Altogether, the most important result of the project is that, at present, we are much better prepared for the future of library cataloguing. In the near future, we plan to implement an update of the infrastructure for our digital collections, and the results of this project will make replacement with any possible future system much easier.
1 Christiane Berkvens-Stevelinck. Magna commoditas - Leiden University's great asset. 425 years library collections and services. Amsterdam, Leiden University Press, 2012.
2 Information on the Dutch union catalogue GGC (which stands for Gemeenschappelijk Geautomatiseerd Catalogiseersysteem, or shared automated cataloguing system) can be found here.
3 IFLA Study Group on the Functional Requirements for Bibliographic Records. Functional Requirements for Bibliographic Records: Final Report. München 1998. PDF and HTML files of the report can be found here.
4 Rare Books and Manuscripts Section of the Association of College and Research Libraries. Descriptive Cataloging of Rare Materials (Graphics).
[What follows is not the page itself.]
(* In the synchronous unauthenticated setting with $n$ parties of which at most $t=\lfloor (n-1)/3\rfloor$ are Byzantine and a computationally unbounded adversary, the protocol "Synchronous Error-free $\frac{n}{3}$-BA" described in the context, run on $l$-bit inputs, satisfies Termination, Agreement and Validity of Byzantine agreement (with probability $1$), and has communication complexity $O(nl+n^3+n\mathcal{B}(1))$.
   Context: Model: $n$ parties connected pairwise by reliable authenticated (point-to-point) channels, synchronous; a static, computationally unbounded adversary corrupts up to $t$ parties (Byzantine). No cryptography is used. Communication complexity = worst-case total bits sent by honest parties. Byzantine agreement: each $P_i$ holds an $l$-bit input $m_i$; Termination: every honest party outputs; Agreement: honest outputs equal; Validity: if all honest inputs equal $m$, honest parties output $m$. A single-bit Byzantine broadcast oracle lets a sender broadcast one bit so that all honest parties deliver the same bit, equal to the sender's if the sender is honest; its cost is $\mathcal{B}(1)$. Reed–Solomon $(n,t+1)$ code: $\texttt{ENC}$ maps $t+1$ data symbols to $n$ codeword symbols, any $t+1$ of which determine the data; $\texttt{DEC}$ corrects $c$ errors and $d$ erasures iff $n-(t+1)\ge 2c+d$. $(n,t)$-star of an undirected graph $G$ on vertex set $\mathcal{P}=\{P_1,\dots,P_n\}$: a pair $(\mathcal{C},\mathcal{D})$ with $\mathcal{C}\subseteq\mathcal{D}\subseteq\mathcal{P}$, $|\mathcal{C}|\ge n-2t$, $|\mathcal{D}|\ge n-t$, and every $P_i\in\mathcal{C}$, $P_j\in\mathcal{D}$ adjacent. Procedure $\texttt{STAR}(G)$: let $H$ be the complement of $G$ with edge set $\bar E$; compute a maximum matching $M$ of $H$ by a fixed deterministic algorithm; $N$ = matched vertices, $\bar N=\mathcal{P}\setminus N$; $T=\{P_i\in\bar N:\exists (P_j,P_k)\in M,\ (P_i,P_j),(P_i,P_k)\in\bar E\}$; $\mathcal{C}=\bar N\setminus T$; $B=\{P_j\in N:\exists P_k\in\mathcal{C},\ (P_j,P_k)\in\bar E\}$; $\mathcal{D}=\mathcal{P}\setminus B$; output $(\mathcal{C},\mathcal{D})$ if $|\mathcal{C}|\ge n-2t$ and $|\mathcal{D}|\ge n-t$, else output noSTAR. Protocol for $P_i$: (1) Split $m_i$ into $t+1$ blocks of $l/(t+1)$ bits, compute $(s_{i1},\dots,s_{in})=\texttt{ENC}(\text{blocks})$; send $s_{ii}$ to every party and $s_{ij}$ to $P_j$ for each $j$. (2) Form a bit vector $v_i$ of length $n$ with $v_i[j]=1$ iff $s_{ij}=s_{jj}$ and $s_{ii}=s_{ji}$, where $s_{jj}$ and $s_{ji}$ are the values received from $P_j$ in step 1; send $v_i$ to every party. (3) Build graph $G_i$ on $\mathcal{P}$ with edge $(P_x,P_y)$ iff $v_x[y]=v_y[x]=1$ (using the vectors as received by $P_i$), and run $\texttt{STAR}(G_i)$. (4) If it returns $(\mathcal{C}_i,\mathcal{D}_i)$, let $\mathcal{F}_i$ be the set of parties with at least $t+1$ neighbours in $\mathcal{C}_i$ and $\mathcal{E}_i$ the set of parties with at least $2t+1$ neighbours in $\mathcal{F}_i$ (each party counted as its own neighbour); if $|\mathcal{F}_i|\ge 2t+1$ and $|\mathcal{E}_i|\ge 2t+1$ keep $\mathcal{E}_i$, otherwise (or if noSTAR) set $\mathcal{E}_i=\emptyset$. (5) If $\mathcal{E}_i\ne\emptyset$, broadcast bit $1$ with the single-bit BB oracle and send $\mathcal{E}_i$ as an $n$-bit vector to every party; otherwise broadcast bit $0$. (6) If at least $2t+1$ of these broadcasts deliver $1$: let $\mathbf{E}$ be the sets $\mathcal{E}_x$ received; for each $\mathcal{E}_x\in\mathbf{E}$ let $maj_x$ be a value $v$ with $|\{j\in\mathcal{E}_x: s_{ji}=v\}|\ge\lceil(|\mathcal{E}_x|+1)/2\rceil$ ($s_{ji}$ = value received from $P_j$ in step 1), or $\bot$ if none; find $\mathbf{E}'\subseteq\mathbf{E}$ with $|\mathbf{E}'|\ge t+1$ whose $maj_x$ are all equal to a common value $maj\ne\bot$, and send $maj$ to every party. If fewer than $2t+1$ broadcasts deliver $1$, output a predefined $l$-bit message $m'$ and abort. (7) With $maj_j$ the value received from $P_j$ in step 6, apply $\texttt{DEC}$ to $(maj_1,\dots,maj_n)$ with $c=t$, $d=0$ and output the concatenation of the decoded blocks. *)

theory Defs
  imports Main "HOL-Computational_Algebra.Primes"
begin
Chicago 2013. Especially Appendix E. Variations requiring a new record.
5 For Goobi case studies see http://www.goobi.org/en/ and http://slideshare.net/goobi_org.
6 For English information about the Bibliotheca Thysiana, with further literature, see here.
About the Author
Saskia van Bergen works as a senior Project manager for the Innovations and Projects Department of Leiden University Library. She is responsible for projects focusing on the digital access to Special Collections, and deals with the management of digitization, cataloguing and digital collections. She also participated in several national projects, like Early Dutch Books Online (now Delpher) and the Dutch portal for academic heritage Academische Collecties.